= Safety testing of explosives =

The safety testing of explosives involves the determination of various properties of the different energetic materials that are used in commercial, mining, and military applications. It is highly desirable to measure the conditions under which explosives can be set off for several reasons, including: safety in handling, safety in storage, and
safety in use.

It would be very difficult to provide an absolute scale for sensitivity with respect to the different properties of explosives. Therefore, it is generally required that one or more compounds be considered a standard for comparison to those compounds being tested. For example, PETN is considered to be a primary explosive by some individuals, and a secondary explosive by others. As a general rule, PETN is considered to be either a relatively insensitive primary explosive, or one of the most sensitive secondary explosives. PETN may be detonated by striking with a hammer on a hard steel surface (a very dangerous thing to do), and is generally considered the least sensitive explosive with which this may be done. For these facts and other reasons, PETN is considered one standard by which other explosives are gauged.

Another explosive that is used as a calibration standard is TNT, which was afforded the arbitrary Figure of Insensitivity of 100. Other explosives could then be compared against this standard.

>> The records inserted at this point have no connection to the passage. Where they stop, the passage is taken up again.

lemma Khat_closed_vanishes_at_half: "Khat_closed lam (1/2) = 0" "Khat_closed lam (- (1/2)) = 0"
  by (simp_all add: Khat_closed_def)

lemma continuous_on_Khat_closed: "lam > 0 \<Longrightarrow> continuous_on S (Khat_closed lam)"
  unfolding Khat_closed_def by (auto intro!: continuous_intros simp: add_pos_nonneg)

lemma Khat_closed_cosine_series:
  assumes "lam > 0"
  shows "(\<lambda>k. 2 * exp (- lam * (real k + 1 / 2)) * cos (2 * pi * (real k + 1 / 2) * s)) sums Khat_closed lam s"
proof -
  define r where "r = exp (- lam / 2)"
  have "0 < r" "r < 1"
    using assms by (auto simp: r_def)
  have series: "(\<lambda>k. 2 * (r ^ (2 * k + 1) * cos ((2 * real k + 1) * (pi * s)))) sums
      (2 * (r * (1 - r\<^sup>2) * cos (pi * s) / (1 - 2 * r\<^sup>2 * cos (2 * (pi * s)) + r ^ 4)))"
    using \<open>0 < r\<close> \<open>r < 1\<close> by (intro sums_mult sums_odd_powers_cos) simp
  have coeff: "r ^ (2 * k + 1) = exp (- lam * (real k + 1 / 2))" for k
  proof -
    have "r ^ (2 * k + 1) = exp (real (2 * k + 1) * (- lam / 2))"
      unfolding r_def by (rule exp_of_nat_mult[symmetric])
    then show ?thesis by (simp add: algebra_simps)
  qed
  have freq: "(2 * real k + 1) * (pi * s) = 2 * pi * (real k + 1 / 2) * s" for k
    by (simp add: algebra_simps)
  have sum: "2 * (r * (1 - r\<^sup>2) * cos (pi * s) / (1 - 2 * r\<^sup>2 * cos (2 * (pi * s)) + r ^ 4)) = Khat_closed lam s"
  proof -
    have sinh: "sinh (lam / 2) = (1 - r\<^sup>2) / (2 * r)"
      using \<open>0 < r\<close> by (simp add: sinh_def r_def exp_minus field_simps power2_eq_square)
    define D where "D = (1 - r\<^sup>2)\<^sup>2 + 4 * r\<^sup>2 * (sin (pi * s))\<^sup>2"
    have den: "1 - 2 * r\<^sup>2 * cos (2 * (pi * s)) + r ^ 4 = D"
      unfolding D_def cos_double_sin by (simp add: algebra_simps power2_eq_square power4_eq_xxxx)
    have "D > 0"
      unfolding D_def using \<open>0 < r\<close> \<open>r < 1\<close> power_strict_mono[of r 1 2] by (intro add_pos_nonneg) auto
    have "(sinh (lam / 2))\<^sup>2 + (sin (pi * s))\<^sup>2 = D / (4 * r\<^sup>2)"
      using \<open>0 < r\<close> unfolding sinh D_def by (simp add: field_simps power2_eq_square)
    then show ?thesis
      using \<open>0 < r\<close> \<open>D > 0\<close> unfolding Khat_closed_def sinh den by (simp add: field_simps power2_eq_square)
  qed
  show ?thesis
    using series unfolding coeff freq sum by (simp add: mult.assoc)
qed

lemma Khat_closed_second_derivative:
  assumes "lam > 0"
  obtains f' f'' where "\<And>s. (Khat_closed lam has_real_derivative f' s) (at s)"
    and "\<And>s. (f' has_real_derivative f'' s) (at s)" and "continuous_on UNIV f''"
proof -
  define c where "c = sinh (lam / 2)"
  define D where "D s = c\<^sup>2 + (sin (pi * s))\<^sup>2" for s
  define D' where "D' s = 2 * sin (pi * s) * cos (pi * s)" for s
  define N where "N s = sin (pi * s) * (D s + 2 * (cos (pi * s))\<^sup>2)" for s
  define N' where "N' s = cos (pi * s) * (D s + 2 * (cos (pi * s))\<^sup>2) + sin (pi * s) * (D' s - 4 * cos (pi * s) * sin (pi * s))" for s
  have "c > 0" using assms by (simp add: c_def)
  then have D_pos: "D s > 0" for s
    by (simp add: D_def add_pos_nonneg)
  have Khat: "Khat_closed lam = (\<lambda>s. c * cos (pi * s) / D s)"
    by (simp add: fun_eq_iff Khat_closed_def c_def D_def)
  have dD: "(D has_real_derivative pi * D' s) (at s)" for s
    unfolding D_def D'_def by (auto intro!: derivative_eq_intros simp: power2_eq_square)
  have dN: "(N has_real_derivative pi * N' s) (at s)" for s
    unfolding N_def N'_def by (auto intro!: derivative_eq_intros dD simp: power2_eq_square algebra_simps)
  define f' where "f' s = - pi * c * N s / (D s)\<^sup>2" for s
  define f'' where "f'' s = - pi\<^sup>2 * c * (N' s * D s - 2 * N s * D' s) / (D s) ^ 3" for s
  show ?thesis
  proof
    show "(Khat_closed lam has_real_derivative f' s) (at s)" for s
      unfolding Khat f'_def using D_pos[of s]
      by (auto intro!: derivative_eq_intros dD simp: N_def D'_def field_simps power2_eq_square)
    show "(f' has_real_derivative f'' s) (at s)" for s
      unfolding f'_def[abs_def] f''_def using D_pos[of s]
      by (auto intro!: derivative_eq_intros dD dN simp: field_simps power2_eq_square power3_eq_cube)
    show "continuous_on UNIV f''"
      unfolding f''_def N_def N'_def D_def D'_def using D_pos[unfolded D_def]
      by (auto intro!: continuous_intros)
  qed
qed

definition Khat_cut :: "real \<Rightarrow> real \<Rightarrow> real" where
  "Khat_cut lam s = indicator {-1/2..1/2} s * Khat_closed lam s"

lemma Khat_cut_clamp: "Khat_cut lam s = Khat_closed lam (max (-1/2) (min (1/2) s))"
proof -
  consider "s < -1/2" | "s \<in> {-1/2..1/2}" | "s > 1/2" by force
  then show ?thesis
    by cases (simp_all add: Khat_cut_def Khat_closed_vanishes_at_half)
qed

lemma isCont_Khat_cut: "lam > 0 \<Longrightarrow> isCont (Khat_cut lam) t"
  unfolding Khat_cut_clamp[abs_def]
  by (intro continuous_on_interior[of UNIV] continuous_on_compose2[OF continuous_on_Khat_closed] continuous_intros) auto

lemma Khat_cut_bounded:
  assumes "lam > 0"
  obtains M where "\<And>s. \<bar>Khat_cut lam s\<bar> \<le> M"
proof -
  have "bounded (Khat_closed lam ` {-1/2..1/2})"
    by (intro compact_imp_bounded compact_continuous_image continuous_on_Khat_closed assms compact_Icc)
  then obtain M where M: "\<forall>y \<in> Khat_closed lam ` {-1/2..1/2}. norm y \<le> M"
    unfolding bounded_iff by blast
  have "\<bar>Khat_cut lam s\<bar> \<le> M" for s
    unfolding Khat_cut_clamp using M by auto
  then show ?thesis using that by blast
qed

lemma Khat_cut_nonneg:
  assumes "lam > 0"
  shows "0 \<le> Khat_cut lam t"
proof (cases "t \<in> {-1/2..1/2}")
  case True
  then have "- (pi / 2) \<le> pi * t" "pi * t \<le> pi / 2"
    using mult_left_mono[of "-1/2" t pi] mult_left_mono[of t "1/2" pi] by auto
  then have "0 \<le> cos (pi * t)"
    by (rule cos_ge_zero)
  then show ?thesis
    using True assms by (simp add: Khat_cut_def Khat_closed_def add_pos_nonneg)
qed (simp add: Khat_cut_def)

lemma Khat_cut_cosine_series:
  assumes "lam > 0"
  shows "(\<lambda>k. indicator {-1/2..1/2} s *\<^sub>R complex_of_real (2 * exp (- lam * (real k + 1/2)) * cos (2 * pi * (real k + 1/2) * s)))
    sums complex_of_real (Khat_cut lam s)"
proof -
  have "(\<lambda>k. complex_of_real (2 * exp (- lam * (real k + 1/2)) * cos (2 * pi * (real k + 1/2) * s)))
      sums complex_of_real (Khat_closed lam s)"
    by (rule sums_of_real[OF Khat_closed_cosine_series[OF assms]])
  then have "(\<lambda>k. indicator {-1/2..1/2} s *\<^sub>R complex_of_real (2 * exp (- lam * (real k + 1/2)) * cos (2 * pi * (real k + 1/2) * s)))
      sums (indicator {-1/2..1/2} s *\<^sub>R complex_of_real (Khat_closed lam s))"
    by (rule sums_scaleR_right)
  then show ?thesis
    by (simp add: Khat_cut_def scaleR_conv_of_real)
qed

lemma summable_exp_neg_mult_half_odd:
  assumes "lam > 0"
  shows "summable (\<lambda>k::nat. exp (- lam * (real k + 1/2)))"
proof -
  have "(\<lambda>k::nat. exp (- lam * (real k + 1/2))) = (\<lambda>k. exp (- lam / 2) * exp (- lam) ^ k)"
    by (simp add: fun_eq_iff exp_of_nat_mult[symmetric] exp_add[symmetric] algebra_simps)
  then show ?thesis
    using assms by (simp add: summable_geometric summable_mult)
qed

definition K_summand :: "real \<Rightarrow> real \<Rightarrow> int \<Rightarrow> real" where
  "K_summand lam x n = (-1) powi n * exp (- lam * \<bar>real_of_int n - 1/2\<bar>) / (x - real_of_int n + 1/2)"

lemma K_eq_infsum_K_summand: "K lam x = cos (pi * x) / pi * (\<Sum>\<^sub>\<infinity>n\<in>UNIV. K_summand lam x n)"
  by (simp add: K_def K_summand_def)

lemma K_summand_sinc:
  assumes "cos (pi * x) \<noteq> 0"
  shows "cos (pi * x) / pi * K_summand lam x (int k + 1) = exp (- lam * (real k + 1/2)) * sinc (pi * (x - (real k + 1/2)))"
    and "cos (pi * x) / pi * K_summand lam x (- int k) = exp (- lam * (real k + 1/2)) * sinc (pi * (x + (real k + 1/2)))"
proof -
  have nonzero: "y \<noteq> 0" if "sin (pi * y) = c * cos (pi * x)" "c \<noteq> 0" for y c
    using that assms by auto
  have sin: "sin (pi * (x - (real k + 1/2))) = - ((-1) ^ k) * cos (pi * x)"
    by (simp add: sin_diff cos_add sin_add algebra_simps)
  have "sinc (pi * (x - (real k + 1/2))) = - ((-1) ^ k) * cos (pi * x) / (pi * (x - (real k + 1/2)))"
    using nonzero[OF sin] by (simp add: sin)
  moreover have "\<bar>real_of_int (int k + 1) - 1/2\<bar> = real k + 1/2"
    and "x - real_of_int (int k + 1) + 1/2 = x - (real k + 1/2)"
    and "(-1::real) powi (int k + 1) = - ((-1) ^ k)"
    by (simp_all add: power_int_add)
  ultimately show "cos (pi * x) / pi * K_summand lam x (int k + 1) = exp (- lam * (real k + 1/2)) * sinc (pi * (x - (real k + 1/2)))"
    using nonzero[OF sin] by (simp add: K_summand_def field_simps)
next
  have nonzero: "y \<noteq> 0" if "sin (pi * y) = c * cos (pi * x)" "c \<noteq> 0" for y c
    using that assms by auto
  have sin: "sin (pi * (x + (real k + 1/2))) = (-1) ^ k * cos (pi * x)"
    by (simp add: cos_add sin_add algebra_simps)
  have "sinc (pi * (x + (real k + 1/2))) = (-1) ^ k * cos (pi * x) / (pi * (x + (real k + 1/2)))"
    using nonzero[OF sin] by (simp add: sin)
  moreover have "\<bar>real_of_int (- int k) - 1/2\<bar> = real k + 1/2"
    and "x - real_of_int (- int k) + 1/2 = x + (real k + 1/2)"
    and "(-1::real) powi (- int k) = (-1) ^ k"
    by (simp_all add: power_int_minus_one_minus)
  ultimately show "cos (pi * x) / pi * K_summand lam x (- int k) = exp (- lam * (real k + 1/2)) * sinc (pi * (x + (real k + 1/2)))"
    using nonzero[OF sin] by (simp add: K_summand_def field_simps)
qed

lemma K_sinc_series:
  assumes "lam > 0" and "cos (pi * x) \<noteq> 0"
  shows "(\<lambda>k. exp (- lam * (real k + 1/2)) *
      (sinc (pi * (x - (real k + 1/2))) + sinc (pi * (x + (real k + 1/2))))) sums K lam x"
proof -
  define E where "E k = exp (- lam * (real k + 1/2))" for k :: nat
  have "summable E"
    unfolding E_def using assms(1) by (rule summable_exp_neg_mult_half_odd)
  have g_bound: "norm (K_summand lam x n) \<le> E k / \<bar>cos (pi * x) / pi\<bar>"
    if "cos (pi * x) / pi * K_summand lam x n = E k * sinc y" for n k y
  proof -
    have "\<bar>cos (pi * x) / pi\<bar> * \<bar>K_summand lam x n\<bar> = E k * \<bar>sinc y\<bar>"
      using arg_cong[OF that, of abs] by (simp add: abs_mult E_def)
    also have "\<dots> \<le> E k"
      using abs_sinc_le_1[of y] by (simp add: E_def)
    finally show ?thesis
      using assms(2) by (simp add: field_simps)
  qed
  have s1: "summable (\<lambda>k. norm (K_summand lam x (int k + 1)))"
    by (rule summable_comparison_test[OF _ summable_divide[OF \<open>summable E\<close>, of "\<bar>cos (pi * x) / pi\<bar>"]])
      (use g_bound[OF K_summand_sinc(1)[OF assms(2), of lam, folded E_def]] in \<open>intro exI[of _ 0] allI impI, simp add: E_def\<close>)
  have s2: "summable (\<lambda>k. norm (K_summand lam x (- int k)))"
    by (rule summable_comparison_test[OF _ summable_divide[OF \<open>summable E\<close>, of "\<bar>cos (pi * x) / pi\<bar>"]])
      (use g_bound[OF K_summand_sinc(2)[OF assms(2), of lam, folded E_def]] in \<open>intro exI[of _ 0] allI impI, simp add: E_def\<close>)
  have "infsum (K_summand lam x) UNIV = (\<Sum>k. K_summand lam x (int k + 1) + K_summand lam x (- int k))"
    by (rule infsumI[OF has_sum_int_split[OF s1 s2]])
  moreover have "(\<lambda>k. K_summand lam x (int k + 1) + K_summand lam x (- int k)) sums (\<Sum>k. K_summand lam x (int k + 1) + K_summand lam x (- int k))"
    using summable_add[OF summable_norm_cancel[OF s1] summable_norm_cancel[OF s2]] by (rule summable_sums)
  ultimately have "(\<lambda>k. cos (pi * x) / pi * (K_summand lam x (int k + 1) + K_summand lam x (- int k))) sums K lam x"
    unfolding K_eq_infsum_K_summand by (intro sums_mult) simp
  then show ?thesis
    unfolding distrib_left K_summand_sinc[OF assms(2)] .
qed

==Types of safety testing==

Because there are different ways to set off explosives, there are several different components to the safety testing of explosives:

- Impact testing: The impact testing of explosives is performed by dropping a fixed weight onto a prepared sample of the explosive to be tested from a given distance. The weight is released, impacts upon the sample, and the result is noted. The impact distances are determined and the results are analyzed by the sensitivity test and analysis methods selected. The two most common sensitivity test and analysis methods are the Bruceton analysis and Neyer d-optimal test. These methods allow the user to determine the 50% initiation level (the distance at which 50% of the samples will "go"), and a standard deviation. Impact testing may also be performed with liquid samples confined in special cells.
- Friction testing. There are several techniques through which explosives may be tested to determine their sensitivity to friction. One of the most popular is the ABL friction test, which uses a line of explosives on a prepared metal plate, placed in front of a specially prepared metal wheel that is forced down upon the plate with a hydraulic press. The metal plate is then struck with a pendulum to move it, squeezing the explosives between plate and wheel as the plate moves. Initiation is determined, and analyzed by the Bruceton analysis or Neyer d-optimal test, as above. BAM friction testing is similar, except that the sample is placed on a ceramic plate which is then moved side-to-side as a ceramic peg exerts force on the sample.
- Electrostatic discharge. Testing for ESD, or "spark" sensitivity of explosives is performed with a machine designed to discharge from a capacitor through a prepared sample. The Sandia National Labs design employs a dipping needle that punctures a sample cell and discharges the spark simultaneously. The amount of energy discharged into the cell becomes the variable in which Bruceton analysis or Neyer d-optimal test is performed to determine spark sensitivity.
- Thermal sensitivity. Determining the point at which a compound is capable of detonating under confinement with thermal stress is useful. A fixed quantity of material is placed in an aluminum blasting cap shell, and pressed into place with an aluminum plug. The sample is immersed in a hot metal bath, and the time-to-detonation is measured. If over 60 seconds, a fresh sample is run again at a higher temperature. In this manner, it is possible to determine the temperature at which an explosive will detonate on the small scale. Unlike the other tests above, this figure is misleading as explosives have more thermal issues on the large scale. Therefore, the thermal sensitivity figures established using this technique are higher than one would expect in the real world. Thermal safety testing may also be performed via differential scanning calorimetry, in which a small (sub-milligram) sample is placed in a sample cell, and the temperature is increased slowly. The calorimeter determines how much energy is required to increase the temperature of the sample. Using this device, characteristics such as the melting point, phase transitions and decomposition temperature of an explosive may be determined.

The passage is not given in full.